Calls from the Boiler Room

Of late, I have been getting a lot of calls at work from stock boiler-rooms with high-energy come-on guys trying to sell me some hot equity.  The tactics used by these calls is very consistent, but to describe it I need to share some background.

Fifteen years or so ago, I from time-to-time would get calls from what I assume were legitimate brokers trying to get my business.  They would call me and say something like "I am not going to sell you anything today.  I am going to give you the name of 5 equities, and in 6 months I am going to call you back".  If played straight, this is not a bad sales tactic - prove your ability to pick stocks and out-perform the market in advance of asking for business.  Of course, this could be gamed:  I could create 20 lists of 5 stocks each and call a thousand people, giving each person one of the 20 lists.  Then I could wait 6 months and call back those people whose 5 stocks outperformed the market.

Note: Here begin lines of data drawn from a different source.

lemma simple_root_pderiv:
  fixes y :: "nat \<Rightarrow> 'a::field"
  assumes "inj_on y {..<n}" "i < n" and p_eq: "p = smult c (\<Prod>l<n. [:- y l, 1:])"
  shows "poly (pderiv p) (y i) = c * (\<Prod>l\<in>{..<n} - {i}. y i - y l)"
    and "poly (pderiv (pderiv p)) (y i) = 2 * poly (pderiv p) (y i) * (\<Sum>l\<in>{..<n} - {i}. 1 / (y i - y l))"
proof -
  define Q where "Q = (\<Prod>l\<in>{..<n} - {i}. [:- y l, 1:])"
  have p: "p = smult c ([:- y i, 1:] * Q)"
    unfolding p_eq Q_def using assms(2) by (simp add: prod.remove)
  have "y i \<notin> y ` ({..<n} - {i})"
    using assms(1,2) by (auto dest: inj_onD)
  then have Q': "poly (pderiv Q) (y i) = poly Q (y i) * (\<Sum>l\<in>{..<n} - {i}. 1 / (y i - y l))"
    unfolding Q_def by (simp add: poly_pderiv_prod_linear poly_prod)
  have lin: "pderiv [:- y i, 1:] = 1"
    by (simp add: pderiv_pCons)
  show p': "poly (pderiv p) (y i) = c * (\<Prod>l\<in>{..<n} - {i}. y i - y l)"
    unfolding p pderiv_smult pderiv_mult lin by (simp add: Q_def poly_prod)
  show "poly (pderiv (pderiv p)) (y i) = 2 * poly (pderiv p) (y i) * (\<Sum>l\<in>{..<n} - {i}. 1 / (y i - y l))"
    unfolding p' unfolding p pderiv_smult pderiv_mult pderiv_add lin
    using Q' by (simp add: Q_def poly_prod)
qed

section \<open>Jacobi polynomials\<close>

definition jacobi_coeff :: "nat \<Rightarrow> real \<Rightarrow> real \<Rightarrow> nat \<Rightarrow> real" where
  "jacobi_coeff n al be s = ((of_nat n + al) gchoose (n - s)) * ((of_nat n + be) gchoose s)"

abbreviation jac_u :: "real poly" where "jac_u \<equiv> [:-1/2, 1/2:]"
abbreviation jac_v :: "real poly" where "jac_v \<equiv> [:1/2, 1/2:]"

definition jacobi :: "nat \<Rightarrow> real \<Rightarrow> real \<Rightarrow> real poly" where
  "jacobi n al be = (\<Sum>s\<le>n. smult (jacobi_coeff n al be s) (jac_u ^ s * jac_v ^ (n - s)))"

lemma poly_jacobi: "poly (jacobi n al be) = jacobi_poly n al be"
  by (auto simp: jacobi_def jacobi_poly_def jacobi_coeff_def poly_sum field_simps)

lemma degree_jacobi: "degree (jacobi n al be) \<le> n"
  unfolding jacobi_def
proof (intro degree_sum_le)
  fix s assume "s \<in> {..n}"
  have "degree (jac_u ^ s * jac_v ^ (n - s)) \<le> degree (jac_u ^ s) + degree (jac_v ^ (n - s))"
    by (rule degree_mult_le)
  also have "\<dots> \<le> s + (n - s)"
    by (intro add_mono order.trans[OF degree_power_le]) auto
  finally show "degree (smult (jacobi_coeff n al be s) (jac_u ^ s * jac_v ^ (n - s))) \<le> n"
    using \<open>s \<in> {..n}\<close> by (simp add: order.trans[OF degree_smult_le])
qed simp

lemma poly_jacobi_one: "poly (jacobi n al be) 1 = (of_nat n + al) gchoose n"
proof -
  have "poly (jacobi n al be) 1 = (\<Sum>s\<le>n. if s = 0 then jacobi_coeff n al be s else 0)"
    unfolding jacobi_def poly_sum by (intro sum.cong) (auto simp: power_0_left)
  then show ?thesis
    by (simp add: jacobi_coeff_def)
qed

lemma jacobi_nonzero:
  assumes "al > -1"
  shows "jacobi n al be \<noteq> 0"
proof -
  have "(of_nat n + al) gchoose n > 0"
    unfolding gbinomial_altdef_of_nat using assms by (intro prod_pos) auto
  then show ?thesis
    using poly_jacobi_one[of n al be] by auto
qed

lemma gbinomial_Suc_absorb:
  fixes a :: real
  shows "of_nat (Suc k) * (a gchoose Suc k) = (a - of_nat k) * (a gchoose k)"
  by (simp only: gbinomial_absorb_comp gbinomial_absorption)

lemma jacobi_coeff_shift:
  "jacobi_coeff m (al + 1) (be + 1) s = ((of_nat (Suc m) + al) gchoose (m - s)) * ((of_nat (Suc m) + be) gchoose s)"
  unfolding jacobi_coeff_def by (simp add: add_ac)

lemma jacobi_coeff_Suc_left:
  assumes "s \<le> m"
  shows "of_nat (Suc m - s) * jacobi_coeff (Suc m) al be s
           = (al + 1 + of_nat s) * jacobi_coeff m (al + 1) (be + 1) s"
proof -
  let ?a = "of_nat (Suc m) + al" and ?b = "of_nat (Suc m) + be"
  have "of_nat (Suc m - s) * jacobi_coeff (Suc m) al be s
      = (of_nat (Suc (m - s)) * (?a gchoose Suc (m - s))) * (?b gchoose s)"
    using assms by (simp add: jacobi_coeff_def Suc_diff_le)
  also have "\<dots> = (?a - of_nat (m - s)) * (?a gchoose (m - s)) * (?b gchoose s)"
    by (simp only: gbinomial_Suc_absorb)
  also have "?a - of_nat (m - s) = al + 1 + of_nat s"
    using assms by (simp add: of_nat_diff)
  finally show ?thesis
    by (simp only: jacobi_coeff_shift mult.assoc)
qed
theorem mainTheorem8:
  fixes \<sigma> :: "real \<Rightarrow> real"
    and x :: "'m::finite \<Rightarrow> real^'d::finite"
    and \<mu>0 :: "(real \<times> (real^'d) \<times> real) measure"
  assumes sigma_diff: "\<And>t. \<sigma> differentiable at t"
    and sigma_nonpoly: "\<not> (\<exists>p :: real poly. \<forall>t. \<sigma> t = poly p t)"
    and sigma_bdd: "bounded (range \<sigma>)"
    and sigma_lip: "\<exists>L. L-lipschitz_on UNIV \<sigma>"
    and dsigma_bdd: "bounded (range (deriv \<sigma>))"
    and dsigma_lip: "\<exists>L. L-lipschitz_on UNIV (deriv \<sigma>)"
    and x_nonzero: "\<And>m. x m \<noteq> 0"
    and x_bdd: "bounded (range x)"
    and x_lines: "\<And>m n \<xi> \<zeta>. m \<noteq> n \<Longrightarrow> \<xi> *\<^sub>R x m = \<zeta> *\<^sub>R x n \<Longrightarrow> \<xi> *\<^sub>R x m = 0"
    and mu_prob: "prob_space \<mu>0"
    and mu_sets: "sets \<mu>0 = sets borel"
    and c_indep: "prob_space.indep_set \<mu>0
       {fst -` A \<inter> space \<mu>0 | A. A \<in> sets (borel :: real measure)}
       {snd -` B \<inter> space \<mu>0 | B. B \<in> sets (borel :: ((real^'d) \<times> real) measure)}"
    and c_integrable: "integrable \<mu>0 fst"
    and c_mean: "integral\<^sup>L \<mu>0 fst = 0"
    and c_supp: "\<exists>K. compact K \<and> (AE z in \<mu>0. fst z \<in> K)"
    and wn_pos: "\<And>A. A \<in> sets (borel :: ((real^'d) \<times> real) measure) \<Longrightarrow> emeasure lborel A > 0 \<Longrightarrow>
                   measure \<mu>0 (snd -` A \<inter> space \<mu>0) > 0"
  shows "pos_definite (Bstar0 \<sigma> x \<mu>0) \<and>
         (\<forall>(l::real) v. v \<noteq> 0 \<and> Bstar0 \<sigma> x \<mu>0 *v v = l *\<^sub>R v \<longrightarrow> l > 0)"
proof -
  have "finite_measure \<mu>0" using mu_prob by (simp add: prob_space_def)
  have cont: "continuous_on UNIV \<sigma>" "continuous_on UNIV (deriv \<sigma>)"
    using sigma_lip dsigma_lip lipschitz_on_continuous_on by blast+
  obtain K where K: "compact K" "AE z in \<mu>0. fst z \<in> K" using c_supp by blast
  obtain R where "\<And>c. c \<in> K \<Longrightarrow> \<bar>c\<bar> \<le> R"
    using compact_imp_bounded[OF K(1)] unfolding bounded_iff by auto
  with K(2) have R: "AE z in \<mu>0. \<bar>fst z\<bar> \<le> R" by (auto elim: eventually_mono)
  have "inj x" using x_lines x_nonzero by (metis injI scaleR_one)
  obtain s t where "\<sigma> s \<noteq> \<sigma> t"
  proof (rule ccontr)
    assume "\<not> thesis"
    then have "\<forall>t. \<sigma> t = poly [:\<sigma> 0:] t" using that by auto
    then show False using sigma_nonpoly by blast
  qed
  have "pos_definite (Bstar0 \<sigma> x \<mu>0)"
    by (rule Bstar0_pos_definite[OF \<open>finite_measure \<mu>0\<close> mu_sets cont sigma_bdd dsigma_bdd
          \<open>\<sigma> s \<noteq> \<sigma> t\<close> \<open>inj x\<close> R wn_pos])
  then show ?thesis using pos_definite_eigenvalue_pos by blast
qed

Today, there is a less patient variation on this call.  I get about three calls a week from guys saying "do you remember me when I called you last January 23, and fedexed you our stock selections - since then they are up xx%".  The only problem is that they never called or fedexed anything, but I guess they are hoping that I assume I forgot and then take their word for their stock picks.  The scam here becomes more obvious when you get your 10th call from these guys.  It became even more obvious given I have three numbers for my business and over a 20 minute time period I got three calls on three lines from three different people with the same spiel starting "this is X, you remember my call from a few months ago?"

LOL, I can just picture Tony Soprano in the back room monitoring the whole operation. 

One Comment

  1. Gary and the Samoyeds:

    The first scenario (winnowing the list to just those who had winners each time) is prosecuted occasionally under federal law. I don't know the exact statute, but it's basically fraud.

    The second one is much harder to prosecute. I don't know if it's ever been done.